What you need to do:
Word for word, restate all of the entries.

Data:
(* Let $r\ge 1$ be an integer. For every nonnegative integer $n$, the number of overpartitions of $n$ in which every non-overlined part is greater than $r$ and has the same parity as $r+1$ (overlined parts being unrestricted apart from being distinct) equals the number of partitions of $n$ whose mex sequence has length at least $r$.
   Context: A partition of $n$ is a finite non-increasing sequence of positive integers (parts) summing to $n$ (the empty partition is the unique partition of $0$). For a partition $\lambda$, $\mathrm{mex}(\lambda)$ is the least positive integer that is not a part of $\lambda$. The mex sequence of $\lambda$ is the longest sequence of consecutive integers $\mathrm{mex}(\lambda), \mathrm{mex}(\lambda)+1, \dots$ none of which is a part of $\lambda$; its length is a positive integer or infinite (e.g. $(4)$ has mex sequence $(1,2,3)$, $(9,4,4,3,1)$ has mex sequence $(2)$, and $(4,3,3,3,2,1,1)$ has infinite mex sequence $(5,6,7,\dots)$); an infinite length counts as at least $r$. An overpartition of $n$ is a partition of $n$ in which the first occurrence of each part size may be overlined; equivalently, a pair $(\lambda,\mu)$ with $\lambda$ a partition into distinct parts (the overlined parts), $\mu$ an arbitrary partition (the non-overlined parts), and $|\lambda|+|\mu|=n$. *)

theory Defs
  imports Main "HOL-Library.Multiset"
begin

definition partitions :: "nat \<Rightarrow> nat multiset set" where
  "partitions n = {p. (\<forall>x \<in># p. 0 < x) \<and> sum_mset p = n}"

definition mex :: "nat multiset \<Rightarrow> nat" where
  "mex p = (LEAST m. 0 < m \<and> m \<notin># p)"

text \<open>The mex sequence mex, mex+1, ... (maximal run of non-parts) has length at least r.\<close>
definition mex_seq_length_ge :: "nat \<Rightarrow> nat multiset \<Rightarrow> bool" where
  "mex_seq_length_ge r p = (\<forall>j < r. mex p + j \<notin># p)"

text \<open>Overpartitions of n as pairs (overlined parts: a finite set of distinct positive
  integers, non-overlined parts: a partition), total size n.\<close>
definition overpartitions :: "nat \<Rightarrow> (nat set \<times> nat multiset) set" where
  "overpartitions n = {(l, m). finite l \<and> (\<forall>x \<in> l. 0 < x) \<and> (\<forall>x \<in># m. 0 < x)
                              \<and> \<Sum>l + sum_mset m = n}"

end

theory Submission
  imports Defs
begin

text \<open>
  Write O r N and P r N for the two sets of the theorem with n = N. For r \<ge> 1 both satisfy
  X r (n + r + 1) = X (r + 2) (n + r + 1) + X r n. An overpartition in O r but not in O (r + 2)
  has a non-overlined part r + 1, and deleting one copy of it is a bijection onto O r n.
  A partition in P r but not in P (r + 2) has a mex sequence of length r or r + 1; replacing one
  part mex - 1 by a part mex + r is a bijection from P r n onto these.

  The recurrence reduces everything to N \<le> r. Then no non-overlined part fits, so O r N amounts
  to the partitions of N into distinct parts, while the partitions in P r N are those whose set of
  parts is {1, ..., k} for some k. For fixed k the two kinds are conjugate; here both are counted
  by the recurrence c (k + 1) (n + k + 1) = c (k + 1) n + c k n.
\<close>

lemma member_le_sum_mset: "x \<in># (p :: nat multiset) \<Longrightarrow> x \<le> sum_mset p"
  by (metis le_add1 multi_member_split sum_mset.add_mset)

lemma sum_mset_remove1: "(x :: nat) \<in># p \<Longrightarrow> sum_mset (p - {#x#}) = sum_mset p - x"
  by (simp add: sum_mset.remove)

lemma size_le_sum_mset: "\<forall>x \<in># p. 0 < (x :: nat) \<Longrightarrow> size p \<le> sum_mset p"
  by (induction p) auto

lemma card_le_sum_pos: "finite A \<Longrightarrow> \<forall>x \<in> A. 0 < (x :: nat) \<Longrightarrow> card A \<le> \<Sum>A"
  by (metis One_nat_def Suc_leI card_eq_sum sum_mono)

lemma subset_atLeastAtMost_Sum: "finite A \<Longrightarrow> \<forall>x \<in> A. 0 < (x :: nat) \<Longrightarrow> A \<subseteq> {1..\<Sum>A}"
  by (auto simp: Suc_le_eq intro!: member_le_sum)

lemma card_eq_card_subset_plus_diff: "finite A \<Longrightarrow> B \<subseteq> A \<Longrightarrow> card A = card B + card (A - B)"
  using card_Int_Diff[of A B] by (simp add: Int_absorb1)

lemma finite_partitions: "finite (partitions n)"
proof (rule finite_subset)
  show "partitions n \<subseteq> (\<Union>s\<le>n. multisets_of_size {1..n} s)"
  proof
    fix p assume "p \<in> partitions n"
    then have pos: "\<forall>x \<in># p. 0 < x" and sum: "sum_mset p = n" by (auto simp: partitions_def)
    then have "size p \<le> n" using size_le_sum_mset[OF pos] by simp
    moreover have "set_mset p \<subseteq> {1..n}" using pos sum member_le_sum_mset by fastforce
    ultimately show "p \<in> (\<Union>s\<le>n. multisets_of_size {1..n} s)"
      by (auto simp: multisets_of_size_def)
  qed
qed (simp add: finite_multisets_of_size)

lemma finite_overpartitions: "finite (overpartitions n)"
proof (rule finite_subset)
  show "overpartitions n \<subseteq> Pow {1..n} \<times> (\<Union>k\<le>n. partitions k)"
  proof
    fix x assume "x \<in> overpartitions n"
    then obtain l m where x: "x = (l, m)" and l: "finite l" "\<forall>y \<in> l. 0 < y"
      and m: "\<forall>y \<in># m. 0 < y" and sum: "\<Sum>l + sum_mset m = n"
      by (auto simp: overpartitions_def)
    from sum have "l \<subseteq> {1..n}" using subset_atLeastAtMost_Sum[OF l] by auto
    moreover from m sum have "m \<in> partitions (sum_mset m)" "sum_mset m \<le> n"
      by (auto simp: partitions_def)
    ultimately show "x \<in> Pow {1..n} \<times> (\<Union>k\<le>n. partitions k)"
      using x by blast
  qed
qed (simp add: finite_partitions)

Written solution:
(* Let $r\ge 1$ be an integer. For every nonnegative integer $n$, the number of overpartitions of $n$ in which every non-overlined part is greater than $r$ and has the same parity as $r+1$ (overlined parts being unrestricted apart from being distinct) equals the number of partitions of $n$ whose mex sequence has length at least $r$.
   Context: A partition of $n$ is a finite non-increasing sequence of positive integers (parts) summing to $n$ (the empty partition is the unique partition of $0$). For a partition $\lambda$, $\mathrm{mex}(\lambda)$ is the least positive integer that is not a part of $\lambda$. The mex sequence of $\lambda$ is the longest sequence of consecutive integers $\mathrm{mex}(\lambda), \mathrm{mex}(\lambda)+1, \dots$ none of which is a part of $\lambda$; its length is a positive integer or infinite (e.g. $(4)$ has mex sequence $(1,2,3)$, $(9,4,4,3,1)$ has mex sequence $(2)$, and $(4,3,3,3,2,1,1)$ has infinite mex sequence $(5,6,7,\dots)$); an infinite length counts as at least $r$. An overpartition of $n$ is a partition of $n$ in which the first occurrence of each part size may be overlined; equivalently, a pair $(\lambda,\mu)$ with $\lambda$ a partition into distinct parts (the overlined parts), $\mu$ an arbitrary partition (the non-overlined parts), and $|\lambda|+|\mu|=n$. *)

theory Defs
  imports Main "HOL-Library.Multiset"
begin

definition partitions :: "nat \<Rightarrow> nat multiset set" where
  "partitions n = {p. (\<forall>x \<in># p. 0 < x) \<and> sum_mset p = n}"

definition mex :: "nat multiset \<Rightarrow> nat" where
  "mex p = (LEAST m. 0 < m \<and> m \<notin># p)"

text \<open>The mex sequence mex, mex+1, ... (maximal run of non-parts) has length at least r.\<close>
definition mex_seq_length_ge :: "nat \<Rightarrow> nat multiset \<Rightarrow> bool" where
  "mex_seq_length_ge r p = (\<forall>j < r. mex p + j \<notin># p)"

text \<open>Overpartitions of n as pairs (overlined parts: a finite set of distinct positive
  integers, non-overlined parts: a partition), total size n.\<close>
definition overpartitions :: "nat \<Rightarrow> (nat set \<times> nat multiset) set" where
  "overpartitions n = {(l, m). finite l \<and> (\<forall>x \<in> l. 0 < x) \<and> (\<forall>x \<in># m. 0 < x)
                              \<and> \<Sum>l + sum_mset m = n}"

end

theory Submission
  imports Defs
begin

text \<open>
  Write O r N and P r N for the two sets of the theorem with n = N. For r \<ge> 1 both satisfy
  X r (n + r + 1) = X (r + 2) (n + r + 1) + X r n. An overpartition in O r but not in O (r + 2)
  has a non-overlined part r + 1, and deleting one copy of it is a bijection onto O r n.
  A partition in P r but not in P (r + 2) has a mex sequence of length r or r + 1; replacing one
  part mex - 1 by a part mex + r is a bijection from P r n onto these.

  The recurrence reduces everything to N \<le> r. Then no non-overlined part fits, so O r N amounts
  to the partitions of N into distinct parts, while the partitions in P r N are those whose set of
  parts is {1, ..., k} for some k. For fixed k the two kinds are conjugate; here both are counted
  by the recurrence c (k + 1) (n + k + 1) = c (k + 1) n + c k n.
\<close>

lemma member_le_sum_mset: "x \<in># (p :: nat multiset) \<Longrightarrow> x \<le> sum_mset p"
  by (metis le_add1 multi_member_split sum_mset.add_mset)

lemma sum_mset_remove1: "(x :: nat) \<in># p \<Longrightarrow> sum_mset (p - {#x#}) = sum_mset p - x"
  by (simp add: sum_mset.remove)

lemma size_le_sum_mset: "\<forall>x \<in># p. 0 < (x :: nat) \<Longrightarrow> size p \<le> sum_mset p"
  by (induction p) auto

lemma card_le_sum_pos: "finite A \<Longrightarrow> \<forall>x \<in> A. 0 < (x :: nat) \<Longrightarrow> card A \<le> \<Sum>A"
  by (metis One_nat_def Suc_leI card_eq_sum sum_mono)

lemma subset_atLeastAtMost_Sum: "finite A \<Longrightarrow> \<forall>x \<in> A. 0 < (x :: nat) \<Longrightarrow> A \<subseteq> {1..\<Sum>A}"
  by (auto simp: Suc_le_eq intro!: member_le_sum)

lemma card_eq_card_subset_plus_diff: "finite A \<Longrightarrow> B \<subseteq> A \<Longrightarrow> card A = card B + card (A - B)"
  using card_Int_Diff[of A B] by (simp add: Int_absorb1)

lemma finite_partitions: "finite (partitions n)"
proof (rule finite_subset)
  show "partitions n \<subseteq> (\<Union>s\<le>n. multisets_of_size {1..n} s)"
  proof
    fix p assume "p \<in> partitions n"
    then have pos: "\<forall>x \<in># p. 0 < x" and sum: "sum_mset p = n" by (auto simp: partitions_def)
    then have "size p \<le> n" using size_le_sum_mset[OF pos] by simp
    moreover have "set_mset p \<subseteq> {1..n}" using pos sum member_le_sum_mset by fastforce
    ultimately show "p \<in> (\<Union>s\<le>n. multisets_of_size {1..n} s)"
      by (auto simp: multisets_of_size_def)
  qed
qed (simp add: finite_multisets_of_size)

lemma finite_overpartitions: "finite (overpartitions n)"
proof (rule finite_subset)
  show "overpartitions n \<subseteq> Pow {1..n} \<times> (\<Union>k\<le>n. partitions k)"
  proof
    fix x assume "x \<in> overpartitions n"
    then obtain l m where x: "x = (l, m)" and l: "finite l" "\<forall>y \<in> l. 0 < y"
      and m: "\<forall>y \<in># m. 0 < y" and sum: "\<Sum>l + sum_mset m = n"
      by (auto simp: overpartitions_def)
    from sum have "l \<subseteq> {1..n}" using subset_atLeastAtMost_Sum[OF l] by auto
    moreover from m sum have "m \<in> partitions (sum_mset m)" "sum_mset m \<le> n"
      by (auto simp: partitions_def)
    ultimately show "x \<in> Pow {1..n} \<times> (\<Union>k\<le>n. partitions k)"
      using x by blast
  qed
qed (simp add: finite_partitions)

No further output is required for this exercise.